Meath County Council is facing a bill for an estimated €500,000 costs after defeating a High Court challenge to its county develoment plan.
Mr Justice Quirke ruled the case was a bona-fide public interest one and the council should pay half the challengers' costs and legal expenses. He held that the challengers had acted out of a valid public interest in the environment and in the interests of communities affected by planning considerations.
Although they lost their action, the challengers - An Taisce chairman Mr Michael Smith and Cllr Tony McEvoy of Kildare County Council - had established a large number of factual issues, including that "the nature and extent" of the consideration given by the elected members of Meath County Council to guidelines for the zoning of lands for residential purposes "give rise to concern (and indeed unease)".
In September last, the judge dismissed the challenge to the making and adoption of Meath County Development Plan. The issue of who should pay the costs of the 12-day hearing was deferred.
Now, the High Court has ruled the council should pay 50 per cent of the applicants' costs and legal expenses as well as 100 per cent of the costs of the daily transcript of the hearing.
Legal sources estimate that the total bill for the council of its own costs and the parts of the applicants' costs which it has been directed to pay will be some €500,000.
In their proceedings, Mr Smith and Mr McEvoy claimed that the Meath County Development Plan did not comply with the strategic planning guidelines for the Greater Dublin Area, published in March 1999. That claim was rejected.

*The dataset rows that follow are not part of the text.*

(* Let $S\subset\mathbf{P}^4$ be an irreducible developable ruled surface, i.e. either the tangent developable surface of a curve or a cone with a point as vertex over a curve, which is not a plane. Let $\pi\subset\mathbf{P}^4$ be a plane such that every tangent plane of $S$ meets $\pi$ in a line. Then $S$ is contained in a hyperplane of $\mathbf{P}^4$ that contains $\pi$.
   Context: Work over $\mathbf{C}$. The tangent plane of a developable ruled surface is constant along each generator. For the tangent developable of a curve $C$, the tangent plane along the tangent line at a point of $C$ is the osculating plane of $C$ there. For a cone with vertex $O$, the tangent plane along the generator $\langle O,x\rangle$ is spanned by $O$ and the tangent line at $x$ of a directrix curve. *)

theory Defs
  imports "HOL-Complex_Analysis.Complex_Analysis"
begin

text \<open>Projective 4-space P^4 over C is modelled by C^5 = complex^5; a projective
linear subspace of projective dimension k is a complex linear subspace of C^5 of
dimension k+1 (vec.subspace / vec.dim, complex scalars).  A set of points of P^4
is modelled by its affine cone in C^5.\<close>

definition proj_plane :: "(complex^5) set \<Rightarrow> bool" where
  "proj_plane P \<longleftrightarrow> vec.subspace P \<and> vec.dim P = 3"

definition proj_line :: "(complex^5) set \<Rightarrow> bool" where
  "proj_line L \<longleftrightarrow> vec.subspace L \<and> vec.dim L = 2"

definition proj_hyperplane :: "(complex^5) set \<Rightarrow> bool" where
  "proj_hyperplane H \<longleftrightarrow> vec.subspace H \<and> vec.dim H = 4"

definition vderiv :: "(complex \<Rightarrow> complex^'n) \<Rightarrow> complex \<Rightarrow> complex^'n" where
  "vderiv g t = (\<chi> i. deriv (\<lambda>s. g s $ i) t)"

definition holo_curve :: "(complex \<Rightarrow> complex^'n) \<Rightarrow> complex set \<Rightarrow> bool" where
  "holo_curve g U \<longleftrightarrow> (\<forall>i. (\<lambda>s. g s $ i) holomorphic_on U)"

In his ruling on costs, Mr Justice Quirke said neither of the applicants was seeking to protect some private interest of his own and he was satisfied they had acted solely to further a valid public interest in the environment, particularly the interests of those communities affected by the planning considerations applicable to the greater Dublin area.
The proceedings had raised public law issues which were of general importance where the applicants had no private interest in the outcome and were therefore involved in a "public interest challenge."
In exercising his discretion in the case, the judge held he was entitled to take into account some findings of fact which he had made in his judgment. It was appropriate that he should do so as he had concluded the proceedings comprised a bona-fide public interest challenge.
The judge said that an analyis of the minutes of Meath County Council meetings between October 1999 and March 2001 disclosed that no land zoning application, among a very large number considered at more than 50 meetings, was determined or even considered in the context or against the background of the strategic planning guidelines.